The data are a collection of the behavior of 1,000 Web pages. Each of these pages was visited every hour for 30 days. The page was compared to the previous visit, and if it had changed, the cache was updated and time of the visit was recorded.


 

 

Better Flight Experiences with Data (Airline Delays in New York City)

Authors: Nick Horton (Amherst College) and Ben Baumer (Smith College)

If you’ve ever taken a commercial airline, you know that delays are part of the adventure. Before booking your flight, can data help you decide what time of day, what time of year and what airline to choose in order to minimize your chance of a delay? The object of the study is to explore data collected by the US Bureau of Transportation Statistics (BTS) set in order to minimize the chances of experiencing a long delay. The data set is extremely large, so the study focuses on the delays from New York City in the year 2013.

The data are collected daily by BTS. (For a summary see http://www.transtats.bts.gov/ homedrillchart.asp). The data in this study are a subset of that data, collected by Hadley Wickham of RStudio.

Election 2000 – What Happened to Al Gore?

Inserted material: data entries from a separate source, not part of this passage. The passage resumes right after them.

section \<open>Injectivity relative to projective modules\<close>

lemma free_mod_simps [simp]:
  "mcarrier (free_mod n) = {v. \<forall>i\<ge>n. v i = 0}"
  "madd (free_mod n) = (\<lambda>v w i. v i + w i)"
  "mzero (free_mod n) = (\<lambda>i. 0)"
  "msmul (free_mod n) = (\<lambda>v a i. v i * a)"
  by (simp_all add: free_mod_def)

lemma regA_simps [simp]:
  "mcarrier regA = UNIV" "madd regA = (+)" "mzero regA = 0" "msmul regA = (*)"
  by (simp_all add: regA_def ideal_mod_def)

lemma right_module_free_mod: "right_module (free_mod n)"
proof
  show "rmodule (free_mod n)"
    unfolding rmodule_def
  proof (intro conjI ballI allI)
    fix v assume "v \<in> mcarrier (free_mod n)"
    then show "\<exists>w\<in>mcarrier (free_mod n). madd (free_mod n) v w = mzero (free_mod n)"
      by (intro bexI[of _ "\<lambda>i. - v i"]) auto
  qed (simp_all add: fun_eq_iff add.assoc add.commute mult.assoc distrib_left distrib_right)
qed

lemma right_module_regA: "right_module regA"
proof
  have "\<exists>y::'a. x + y = 0" for x :: 'a
    by (rule exI[of _ "- x"]) simp
  then show "rmodule (regA :: ('a, 'a) rmod)"
    unfolding rmodule_def by (simp add: algebra_simps)
qed

lemma right_ideal_iff_submodule_regA: "right_ideal I \<longleftrightarrow> submodule regA I"
  unfolding right_ideal_def submodule_def by simp

lemma rhom_ideal_mod_iff_linear_on: "rhom (ideal_mod I) N f \<longleftrightarrow> linear_on regA N I f"
  unfolding rhom_def linear_on_def by (simp add: ideal_mod_def image_subset_iff)

lemma linear_on_free_mod_iff: "linear_on (free_mod m) N U f \<longleftrightarrow> linear_on (free_mod k) N U f"
  unfolding linear_on_def by simp

lemma rhom_free_mod_truncate: "rhom (free_mod (Suc m)) (free_mod m) (\<lambda>v. v(m := 0))"
  unfolding rhom_def by (auto simp: fun_eq_iff le_Suc_eq)

lemma rhom_free_mod_coordinate: "rhom (free_mod n) regA (\<lambda>v. v m)"
  unfolding rhom_def by simp

lemma injective_extend_free_step:
  fixes Z :: "('a::ring_1, 'z) rmod"
  assumes Z: "right_module Z" "injective Z"
    and U: "submodule (free_mod (Suc m)) U" and g: "linear_on (free_mod (Suc m)) Z U g"
    and h': "rhom (free_mod m) Z h'" and h'_eq: "\<And>u. u \<in> U \<Longrightarrow> u m = 0 \<Longrightarrow> h' u = g u"
  shows "\<exists>h. rhom (free_mod (Suc m)) Z h \<and> (\<forall>u\<in>U. h u = g u)"
proof -
  interpret Z: right_module Z by (fact Z(1))
  have h'_trunc: "rhom (free_mod (Suc m)) Z (\<lambda>v. h' (v(m := 0)))"
    by (fact rhom_comp[OF rhom_free_mod_truncate h'])
  \<comment> \<open>D vanishes where the last coordinate does, so it factors through that coordinate,
    i.e. through a map on a right ideal, which Baer's criterion extends to all of A.\<close>
  define D where "D u = madd Z (g u) (msmul Z (h' (u(m := 0))) (-1))" for u
  have UM: "U \<subseteq> mcarrier (free_mod (Suc m))" using submoduleD(1)[OF U] .
  have "linear_on (free_mod (Suc m)) Z U (\<lambda>u. h' (u(m := 0)))"
    using h'_trunc UM unfolding rhom_iff_linear_on by (rule linear_on_subset)
  then have D: "linear_on (free_mod (Suc m)) Z U D"
    unfolding D_def by (intro Z.linear_on_add Z.linear_on_neg g)
  have D_vanishes: "D u = mzero Z" if "u \<in> U" "u m = mzero regA" for u
    using that h'_eq linear_onD(1)[OF g] by (simp add: D_def fun_upd_idem)
  have "linear_on (free_mod (Suc m)) regA U (\<lambda>u. u m)"
    using rhom_free_mod_coordinate UM unfolding rhom_iff_linear_on by (rule linear_on_subset)
  from linear_on_factor[OF right_module_free_mod Z(1) right_module_regA U D this D_vanishes]
  obtain \<phi> where \<phi>: "linear_on regA Z ((\<lambda>u. u m) ` U) \<phi>" "\<forall>u\<in>U. D u = \<phi> (u m)"
    by blast
  have "right_ideal ((\<lambda>u. u m) ` U)"
    unfolding right_ideal_iff_submodule_regA
    by (rule submodule_image[OF right_module_free_mod right_module_regA U]) fact
  then obtain H where H: "rhom regA Z H" "\<forall>a\<in>(\<lambda>u. u m) ` U. H a = \<phi> a"
    using Z(2) \<phi>(1) unfolding injective_def rhom_ideal_mod_iff_linear_on by blast
  define h where "h v = madd Z (h' (v(m := 0))) (H (v m))" for v
  have "rhom (free_mod (Suc m)) Z h"
    unfolding h_def rhom_iff_linear_on
    using h'_trunc rhom_comp[OF rhom_free_mod_coordinate H(1)]
    by (intro Z.linear_on_add) (simp_all add: rhom_iff_linear_on)
  moreover have "h u = g u" if "u \<in> U" for u
  proof -
    have "h u = madd Z (h' (u(m := 0))) (D u)" unfolding h_def using H(2) \<phi>(2) that by simp
    also have "\<dots> = g u"
    proof -
      have "u \<in> mcarrier (free_mod (Suc m))" using UM that by blast
      then have "h' (u(m := 0)) \<in> mcarrier Z" using h'_trunc unfolding rhom_def by blast
      then show ?thesis unfolding D_def by (simp add: Z.add_neg_cancel_left linear_onD(1)[OF g that])
    qed
    finally show ?thesis .
  qed
  ultimately show ?thesis by blast
qed

lemma injective_extend_free:
  fixes Z :: "('a::ring_1, 'z) rmod"
  assumes Z: "right_module Z" "injective Z"
  shows "submodule (free_mod m) U \<Longrightarrow> linear_on (free_mod m) Z U g \<Longrightarrow>
    \<exists>h. rhom (free_mod m) Z h \<and> (\<forall>u\<in>U. h u = g u)"
proof (induction m arbitrary: U g)
  case 0
  have "g u = mzero Z" if "u \<in> U" for u
  proof -
    have "u = mzero (free_mod 0)" using that submoduleD(1)[OF "0.prems"(1)] by auto
    moreover have "mzero (free_mod 0) \<in> U" using submoduleD(2)[OF "0.prems"(1)] .
    ultimately show ?thesis using linear_on_zero[OF right_module_free_mod Z(1) "0.prems"(2)] by simp
  qed
  moreover have "rhom (free_mod 0) Z (\<lambda>_. mzero Z)"
    using right_module.zero_closed[OF Z(1)] right_module.add_zero_right[OF Z(1)]
      right_module.smul_zero_left[OF Z(1)] by (auto simp: rhom_def)
  ultimately show ?case by auto
next
  case (Suc m)
  let ?U' = "{u \<in> U. u m = 0}"
  have "u i = 0" if "u \<in> U" "u m = 0" "m \<le> i" for u i
    using that submoduleD(1)[OF Suc.prems(1)] by (cases "i = m") auto
  then have "submodule (free_mod m) ?U'"
    using submoduleD[OF Suc.prems(1)] by (auto simp: submodule_def)
  moreover have "linear_on (free_mod m) Z ?U' g"
    unfolding linear_on_free_mod_iff[of m Z ?U' g "Suc m"]
    by (rule linear_on_subset[OF Suc.prems(2)]) blast
  ultimately have "\<exists>h'. rhom (free_mod m) Z h' \<and> (\<forall>u\<in>?U'. h' u = g u)"
    by (rule Suc.IH)
  then obtain h' where h': "rhom (free_mod m) Z h'" and "\<And>u. u \<in> U \<Longrightarrow> u m = 0 \<Longrightarrow> h' u = g u"
    by blast
  then show ?case by (rule injective_extend_free_step[OF Z Suc.prems])
qed
theorem proposition4:
  fixes p :: nat and F :: "nat set \<Rightarrow> real" and J :: "nat set"
  defines "V \<equiv> {1..p}"
  assumes sub: "submodular_on V F"
    and mono: "nondecreasing_on V F"
    and empty: "F {} = 0"
    and single: "\<forall>k\<in>V. F {k} > 0"
    and JV: "J \<subseteq> V"
  shows
    "(\<forall>w :: nat \<Rightarrow> real.
        lovasz F V (\<lambda>i. \<bar>w i\<bar>)
          \<ge> lovasz (restr_fun F J) J (\<lambda>i. \<bar>w i\<bar>)
            + lovasz (contr_fun F J) (V - J) (\<lambda>i. \<bar>w i\<bar>))
   \<and> (\<forall>w :: nat \<Rightarrow> real.
        (\<forall>i\<in>J. \<forall>j\<in>V - J. \<bar>w i\<bar> \<ge> \<bar>w j\<bar>) \<longrightarrow>
        lovasz F V (\<lambda>i. \<bar>w i\<bar>)
          = lovasz (restr_fun F J) J (\<lambda>i. \<bar>w i\<bar>)
            + lovasz (contr_fun F J) (V - J) (\<lambda>i. \<bar>w i\<bar>))
   \<and> (is_norm_on (V - J) (\<lambda>v. lovasz (contr_fun F J) (V - J) (\<lambda>i. \<bar>v i\<bar>))
        \<longleftrightarrow> stable_set V F J)"
proof -
  have finV: "finite V" unfolding V_def by simp
  have restr: "restr_fun F J = F" by (simp add: restr_fun_def)
  have le: "lovasz F J (\<lambda>i. \<bar>w i\<bar>) + lovasz (contr_fun F J) (V - J) (\<lambda>i. \<bar>w i\<bar>)
      \<le> lovasz F V (\<lambda>i. \<bar>w i\<bar>)" for w :: "nat \<Rightarrow> real"
    by (rule lovasz_plus_lovasz_contr_fun_le[OF finV JV sub]) simp
  have eq: "lovasz F V (\<lambda>i. \<bar>w i\<bar>)
      = lovasz F J (\<lambda>i. \<bar>w i\<bar>) + lovasz (contr_fun F J) (V - J) (\<lambda>i. \<bar>w i\<bar>)"
    if "\<forall>i\<in>J. \<forall>j\<in>V - J. \<bar>w i\<bar> \<ge> \<bar>w j\<bar>" for w :: "nat \<Rightarrow> real"
    by (rule lovasz_plus_lovasz_contr_fun_eq[OF finV JV sub, symmetric]) (use that in simp_all)
  have "finite (V - J)" using finV by simp
  then have "is_norm_on (V - J) (\<lambda>v. lovasz (contr_fun F J) (V - J) (\<lambda>i. \<bar>v i\<bar>))
      \<longleftrightarrow> (\<forall>x\<in>V - J. contr_fun F J {} < contr_fun F J {x})"
    by (rule is_norm_on_lovasz_abs_iff[OF _ submodular_on_contr_fun[OF sub JV]
          nondecreasing_on_contr_fun[OF mono JV]])
  also have "\<dots> \<longleftrightarrow> (\<forall>x\<in>V - J. F J < F (insert x J))" by (simp add: contr_fun_def)
  also have "\<dots> \<longleftrightarrow> stable_set V F J" by (rule stable_set_iff_insert[OF mono JV, symmetric])
  finally have norm: "is_norm_on (V - J) (\<lambda>v. lovasz (contr_fun F J) (V - J) (\<lambda>i. \<bar>v i\<bar>))
      \<longleftrightarrow> stable_set V F J" .
  show ?thesis unfolding restr by (intro conjI allI impI le norm) (erule eq)
qed
lemma ln_annulus_width_bound:
  fixes R :: real
  assumes "1 < R" "R < 2"
  shows "- ln (1 - (1 / R)\<^sup>2) \<le> ln (1 / (R - 1)) + 1"
proof -
  have "- ln (1 - (1 / R)\<^sup>2) = ln (1 / (1 - (1 / R)\<^sup>2))"
    using assms by (subst ln_div) (auto simp: field_simps power2_eq_square)
  also have "1 / (1 - (1 / R)\<^sup>2) = 1 / (R - 1) * (R\<^sup>2 / (R + 1))"
    using assms by (simp add: field_simps power2_eq_square)
  also have "ln \<dots> = ln (1 / (R - 1)) + ln (R\<^sup>2 / (R + 1))"
    using assms by (intro ln_mult_pos) auto
  also have "ln (R\<^sup>2 / (R + 1)) \<le> R\<^sup>2 / (R + 1) - 1"
    using assms by (intro ln_le_minus_one) simp
  also have "R\<^sup>2 / (R + 1) - 1 \<le> 1"
  proof -
    have "R * R \<le> 2 * R" using assms by (intro mult_right_mono) auto
    then have "R\<^sup>2 \<le> 2 * (R + 1)" by (simp add: power2_eq_square algebra_simps)
    with assms show ?thesis by (simp add: field_simps)
  qed
  finally show ?thesis by simp
qed

theorem corollary4p6:
  shows "\<forall>\<delta>::real. 0 < \<delta> \<and> \<delta> < 1 \<longrightarrow>
    (\<exists>K::real. \<forall>(R::real) (\<mu>::complex \<Rightarrow> complex).
       1 < R \<and> R < 2 \<and>
       \<mu> \<in> borel_measurable lebesgue \<and>
       (AE w in lebesgue. w \<notin> annulus (1/2) (1/R) \<longrightarrow> \<mu> w = 0) \<and>
       (AE w in lebesgue. cmod (\<mu> w) \<le> 1)
       \<longrightarrow>
       1 / (2 * pi) * integral {0..2*pi} (\<lambda>t. (cmod (beurling \<mu> (cis t)))\<^sup>2)
         \<le> (1 + \<delta>) * ln (1 / (R - 1)) + K)"
proof (intro allI impI exI[of _ 1])
  fix \<delta> R :: real and \<mu> :: "complex \<Rightarrow> complex"
  assume "0 < \<delta> \<and> \<delta> < 1"
    and "1 < R \<and> R < 2 \<and> \<mu> \<in> borel_measurable lebesgue \<and>
      (AE w in lebesgue. w \<notin> annulus (1/2) (1/R) \<longrightarrow> \<mu> w = 0) \<and> (AE w in lebesgue. cmod (\<mu> w) \<le> 1)"
  then have \<delta>: "0 < \<delta>" and R: "1 < R" "R < 2" and \<mu>: "\<mu> \<in> borel_measurable lebesgue"
    and support: "AE w in lebesgue. w \<notin> annulus (1/2) (1/R) \<longrightarrow> \<mu> w = 0"
    and bounded: "AE w in lebesgue. cmod (\<mu> w) \<le> 1"
    by auto
  \<comment> \<open>a representative of \<open>\<mu>\<close> satisfying the hypotheses everywhere, not just almost everywhere\<close>
  define \<nu> where "\<nu> w = (if cmod w < 1 / R \<and> cmod (\<mu> w) \<le> 1 then \<mu> w else 0)" for w
  have "(\<lambda>w::complex. w) \<in> borel_measurable lebesgue"
    by (rule borel_measurable_lebesgue_if_borel) simp
  with \<mu> have \<nu>_measurable: "\<nu> \<in> borel_measurable lebesgue"
    unfolding \<nu>_def by measurable
  interpret disc_supported_density \<nu> "1 / R"
    using R \<nu>_measurable by unfold_locales (auto simp: \<nu>_def split: if_splits)
  have "AE w in lebesgue. \<mu> w = \<nu> w"
    using support bounded by eventually_elim (auto simp: \<nu>_def annulus_def)
  then have "beurling \<mu> = beurling \<nu>"
    using \<mu> \<nu>_measurable by (intro ext beurling_cong_AE)
  then have "1 / (2 * pi) * integral {0..2*pi} (\<lambda>t. (cmod (beurling \<mu> (cis t)))\<^sup>2) \<le> - ln (1 - (1 / R)\<^sup>2)"
    using beurling_circle_mean_square_le by simp
  also have "\<dots> \<le> ln (1 / (R - 1)) + 1"
    using R by (rule ln_annulus_width_bound)
  also have "ln (1 / (R - 1)) \<le> (1 + \<delta>) * ln (1 / (R - 1))"
    using R \<delta> by (simp add: algebra_simps)
  finally show "1 / (2 * pi) * integral {0..2*pi} (\<lambda>t. (cmod (beurling \<mu> (cis t)))\<^sup>2)
      \<le> (1 + \<delta>) * ln (1 / (R - 1)) + 1"
    by simp
qed

end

Authors: Deb Nolan and Jasjeet Sekhon, University of California at Berkeley

The 2000 election was extremely close with Al Gore receiving 50,999,897 votes to the 50,456,002 received by George W. Bush. However, the electoral college vote was 271 to 266 in favor of Bush, giving him the election. Those 271 electoral votes included 25 from the state of Florida where the vote was so close that a mandatory recount was preformed. The Supreme Court ended the recount on Dec. 12, 2000 awarding Florida’s votes to Bush and the election. The study explores the effect of the infamous “butterfly ballot” in Palm Beach County, and whether the voters there who, according to county records, voted for Pat Buchanan, actually wanted to vote for Al Gore.

The data are the votes, for each county in Florida cast for each of the candidates in the 2000 US presidential election.